**** Data supplied
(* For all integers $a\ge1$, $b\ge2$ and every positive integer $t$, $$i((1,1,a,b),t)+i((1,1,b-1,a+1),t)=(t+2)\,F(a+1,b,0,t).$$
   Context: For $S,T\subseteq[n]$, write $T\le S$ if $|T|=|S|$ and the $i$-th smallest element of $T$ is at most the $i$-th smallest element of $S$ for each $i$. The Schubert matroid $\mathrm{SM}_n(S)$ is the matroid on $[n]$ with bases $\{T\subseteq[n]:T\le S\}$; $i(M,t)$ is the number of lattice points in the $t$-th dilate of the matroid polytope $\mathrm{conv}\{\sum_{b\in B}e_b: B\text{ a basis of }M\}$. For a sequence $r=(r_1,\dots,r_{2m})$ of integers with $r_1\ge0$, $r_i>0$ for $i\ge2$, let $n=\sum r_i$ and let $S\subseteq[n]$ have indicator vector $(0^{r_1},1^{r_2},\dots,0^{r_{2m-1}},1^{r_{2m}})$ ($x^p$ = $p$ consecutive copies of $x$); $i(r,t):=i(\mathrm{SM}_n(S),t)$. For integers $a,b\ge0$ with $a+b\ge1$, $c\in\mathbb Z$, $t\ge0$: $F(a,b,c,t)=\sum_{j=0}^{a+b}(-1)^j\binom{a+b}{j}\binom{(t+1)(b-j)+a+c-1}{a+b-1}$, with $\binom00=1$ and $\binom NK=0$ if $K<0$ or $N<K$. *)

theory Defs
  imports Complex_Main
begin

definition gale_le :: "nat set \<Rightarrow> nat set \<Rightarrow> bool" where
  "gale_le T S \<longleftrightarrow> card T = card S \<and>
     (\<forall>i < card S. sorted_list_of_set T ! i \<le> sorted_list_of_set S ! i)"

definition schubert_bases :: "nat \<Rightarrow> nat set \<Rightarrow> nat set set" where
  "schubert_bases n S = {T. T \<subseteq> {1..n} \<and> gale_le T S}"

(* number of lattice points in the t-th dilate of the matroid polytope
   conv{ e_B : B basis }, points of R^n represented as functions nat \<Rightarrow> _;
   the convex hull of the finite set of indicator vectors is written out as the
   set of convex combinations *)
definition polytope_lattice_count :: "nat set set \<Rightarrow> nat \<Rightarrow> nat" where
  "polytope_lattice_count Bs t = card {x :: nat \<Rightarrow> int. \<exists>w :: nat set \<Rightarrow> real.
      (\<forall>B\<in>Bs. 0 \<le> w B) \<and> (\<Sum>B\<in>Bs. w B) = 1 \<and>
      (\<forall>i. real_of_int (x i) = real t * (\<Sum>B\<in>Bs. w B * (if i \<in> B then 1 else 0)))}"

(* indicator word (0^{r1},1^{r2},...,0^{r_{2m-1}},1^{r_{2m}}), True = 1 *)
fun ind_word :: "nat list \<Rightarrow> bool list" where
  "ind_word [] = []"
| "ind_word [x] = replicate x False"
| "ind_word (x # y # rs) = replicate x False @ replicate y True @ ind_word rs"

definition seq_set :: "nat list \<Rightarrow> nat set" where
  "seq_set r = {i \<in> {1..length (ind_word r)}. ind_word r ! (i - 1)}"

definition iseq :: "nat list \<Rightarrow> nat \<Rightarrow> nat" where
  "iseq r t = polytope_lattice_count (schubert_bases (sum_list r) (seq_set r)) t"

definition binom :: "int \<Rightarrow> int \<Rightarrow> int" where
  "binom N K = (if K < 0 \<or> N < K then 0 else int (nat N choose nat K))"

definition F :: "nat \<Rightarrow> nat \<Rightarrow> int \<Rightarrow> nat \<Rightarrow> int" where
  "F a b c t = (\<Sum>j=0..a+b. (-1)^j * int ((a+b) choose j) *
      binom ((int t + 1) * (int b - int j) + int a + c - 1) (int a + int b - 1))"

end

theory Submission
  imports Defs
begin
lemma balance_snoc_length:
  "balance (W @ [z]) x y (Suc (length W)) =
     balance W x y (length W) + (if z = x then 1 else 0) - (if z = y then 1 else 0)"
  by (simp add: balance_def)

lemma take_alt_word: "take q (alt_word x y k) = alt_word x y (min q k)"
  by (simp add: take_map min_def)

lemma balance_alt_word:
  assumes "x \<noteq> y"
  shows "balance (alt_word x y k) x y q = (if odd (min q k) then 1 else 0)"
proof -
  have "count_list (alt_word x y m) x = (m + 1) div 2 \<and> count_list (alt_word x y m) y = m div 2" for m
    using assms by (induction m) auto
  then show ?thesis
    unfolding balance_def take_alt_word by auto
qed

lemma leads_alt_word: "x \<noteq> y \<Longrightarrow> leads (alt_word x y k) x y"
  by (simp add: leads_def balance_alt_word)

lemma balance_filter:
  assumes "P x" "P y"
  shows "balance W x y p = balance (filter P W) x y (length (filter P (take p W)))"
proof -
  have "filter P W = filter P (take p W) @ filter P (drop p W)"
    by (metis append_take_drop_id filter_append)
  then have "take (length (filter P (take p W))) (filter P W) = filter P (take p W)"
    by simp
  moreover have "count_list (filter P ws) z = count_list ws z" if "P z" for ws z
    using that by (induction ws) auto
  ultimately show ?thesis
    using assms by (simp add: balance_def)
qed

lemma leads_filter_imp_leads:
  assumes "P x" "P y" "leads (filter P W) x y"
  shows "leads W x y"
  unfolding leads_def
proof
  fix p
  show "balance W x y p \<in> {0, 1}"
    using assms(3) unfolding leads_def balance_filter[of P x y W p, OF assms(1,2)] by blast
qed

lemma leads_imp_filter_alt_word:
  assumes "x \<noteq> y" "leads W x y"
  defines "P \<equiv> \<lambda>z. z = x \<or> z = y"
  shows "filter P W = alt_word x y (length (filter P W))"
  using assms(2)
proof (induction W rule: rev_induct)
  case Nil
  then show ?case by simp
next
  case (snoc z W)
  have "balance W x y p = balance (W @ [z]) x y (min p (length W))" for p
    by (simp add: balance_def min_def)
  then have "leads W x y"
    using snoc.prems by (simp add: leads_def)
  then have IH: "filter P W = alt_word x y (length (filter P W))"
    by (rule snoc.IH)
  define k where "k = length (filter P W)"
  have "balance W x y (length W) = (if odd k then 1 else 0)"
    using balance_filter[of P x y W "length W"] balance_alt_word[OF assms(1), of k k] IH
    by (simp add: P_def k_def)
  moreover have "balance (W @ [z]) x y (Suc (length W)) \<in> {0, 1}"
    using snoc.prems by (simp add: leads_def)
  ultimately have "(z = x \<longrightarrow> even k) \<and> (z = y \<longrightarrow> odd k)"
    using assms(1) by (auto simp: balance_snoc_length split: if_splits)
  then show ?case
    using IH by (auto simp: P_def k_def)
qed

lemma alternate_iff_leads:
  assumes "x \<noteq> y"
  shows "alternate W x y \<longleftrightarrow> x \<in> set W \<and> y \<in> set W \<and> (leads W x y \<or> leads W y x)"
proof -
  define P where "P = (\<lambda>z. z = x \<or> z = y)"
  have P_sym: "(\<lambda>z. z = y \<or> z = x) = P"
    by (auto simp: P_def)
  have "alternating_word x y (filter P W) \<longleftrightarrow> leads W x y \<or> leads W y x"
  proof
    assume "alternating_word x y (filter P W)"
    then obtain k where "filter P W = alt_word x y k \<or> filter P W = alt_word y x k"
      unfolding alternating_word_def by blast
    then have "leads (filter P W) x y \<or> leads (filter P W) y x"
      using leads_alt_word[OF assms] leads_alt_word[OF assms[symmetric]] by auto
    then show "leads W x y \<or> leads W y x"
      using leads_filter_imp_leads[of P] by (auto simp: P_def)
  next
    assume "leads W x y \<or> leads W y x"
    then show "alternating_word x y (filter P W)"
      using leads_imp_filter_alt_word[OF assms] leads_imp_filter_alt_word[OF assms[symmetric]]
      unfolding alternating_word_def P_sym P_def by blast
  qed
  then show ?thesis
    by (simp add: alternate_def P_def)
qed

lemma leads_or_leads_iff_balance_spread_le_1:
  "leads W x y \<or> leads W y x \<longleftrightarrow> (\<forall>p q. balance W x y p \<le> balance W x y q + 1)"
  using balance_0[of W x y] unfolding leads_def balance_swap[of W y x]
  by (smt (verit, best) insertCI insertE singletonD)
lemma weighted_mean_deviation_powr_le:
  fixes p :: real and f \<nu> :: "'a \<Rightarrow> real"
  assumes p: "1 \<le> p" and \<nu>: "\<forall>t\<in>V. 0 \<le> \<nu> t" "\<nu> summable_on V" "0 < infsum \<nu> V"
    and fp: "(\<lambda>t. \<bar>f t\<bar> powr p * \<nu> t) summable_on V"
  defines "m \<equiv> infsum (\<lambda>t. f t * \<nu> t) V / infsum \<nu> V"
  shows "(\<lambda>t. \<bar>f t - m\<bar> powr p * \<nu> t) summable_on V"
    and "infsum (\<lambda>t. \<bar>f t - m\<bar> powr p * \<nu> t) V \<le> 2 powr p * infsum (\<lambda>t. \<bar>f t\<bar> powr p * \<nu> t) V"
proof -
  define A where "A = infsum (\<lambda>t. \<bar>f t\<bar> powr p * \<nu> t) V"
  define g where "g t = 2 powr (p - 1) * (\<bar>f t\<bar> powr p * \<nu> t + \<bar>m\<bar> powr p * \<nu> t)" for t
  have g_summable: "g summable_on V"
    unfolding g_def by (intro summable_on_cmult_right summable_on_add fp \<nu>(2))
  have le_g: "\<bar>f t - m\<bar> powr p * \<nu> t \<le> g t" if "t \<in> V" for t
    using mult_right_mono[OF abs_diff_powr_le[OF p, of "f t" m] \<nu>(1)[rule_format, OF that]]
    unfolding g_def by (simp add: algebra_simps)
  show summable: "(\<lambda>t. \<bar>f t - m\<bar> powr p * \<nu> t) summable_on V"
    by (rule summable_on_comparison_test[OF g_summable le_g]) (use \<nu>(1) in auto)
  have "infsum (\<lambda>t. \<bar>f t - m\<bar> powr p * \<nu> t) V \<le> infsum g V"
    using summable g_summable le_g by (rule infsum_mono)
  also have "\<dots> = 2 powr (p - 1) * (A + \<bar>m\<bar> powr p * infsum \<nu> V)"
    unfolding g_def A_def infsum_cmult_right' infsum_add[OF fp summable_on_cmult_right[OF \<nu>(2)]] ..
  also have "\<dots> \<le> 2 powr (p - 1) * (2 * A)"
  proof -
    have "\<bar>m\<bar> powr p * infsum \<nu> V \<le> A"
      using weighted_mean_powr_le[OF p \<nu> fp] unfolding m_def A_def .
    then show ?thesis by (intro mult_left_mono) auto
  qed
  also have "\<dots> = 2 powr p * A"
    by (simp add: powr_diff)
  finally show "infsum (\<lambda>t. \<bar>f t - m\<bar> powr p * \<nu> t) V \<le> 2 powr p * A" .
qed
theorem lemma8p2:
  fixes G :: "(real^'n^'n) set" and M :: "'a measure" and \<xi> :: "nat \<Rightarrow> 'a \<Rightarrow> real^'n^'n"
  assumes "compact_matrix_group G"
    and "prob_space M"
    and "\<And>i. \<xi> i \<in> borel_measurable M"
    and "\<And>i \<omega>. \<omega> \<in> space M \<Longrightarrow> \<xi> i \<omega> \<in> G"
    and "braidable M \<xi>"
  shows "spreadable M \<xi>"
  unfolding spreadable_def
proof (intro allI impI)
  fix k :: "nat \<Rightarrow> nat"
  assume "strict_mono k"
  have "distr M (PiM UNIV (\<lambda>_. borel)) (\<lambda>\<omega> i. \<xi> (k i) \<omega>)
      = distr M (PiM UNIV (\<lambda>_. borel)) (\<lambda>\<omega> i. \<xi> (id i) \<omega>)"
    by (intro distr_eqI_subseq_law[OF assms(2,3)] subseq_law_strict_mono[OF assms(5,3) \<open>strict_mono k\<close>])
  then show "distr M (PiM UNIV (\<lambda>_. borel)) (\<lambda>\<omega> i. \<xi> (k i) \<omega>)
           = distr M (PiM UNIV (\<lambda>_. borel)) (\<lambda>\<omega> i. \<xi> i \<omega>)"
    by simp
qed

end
********
### What to work on
Copy all lines of the records that have the string "omega" in them.

### Solution for this problem
    and "\<And>i \<omega>. \<omega> \<in> space M \<Longrightarrow> \<xi> i \<omega> \<in> G"
  have "distr M (PiM UNIV (\<lambda>_. borel)) (\<lambda>\<omega> i. \<xi> (k i) \<omega>)
      = distr M (PiM UNIV (\<lambda>_. borel)) (\<lambda>\<omega> i. \<xi> (id i) \<omega>)"
  then show "distr M (PiM UNIV (\<lambda>_. borel)) (\<lambda>\<omega> i. \<xi> (k i) \<omega>)
           = distr M (PiM UNIV (\<lambda>_. borel)) (\<lambda>\<omega> i. \<xi> i \<omega>)"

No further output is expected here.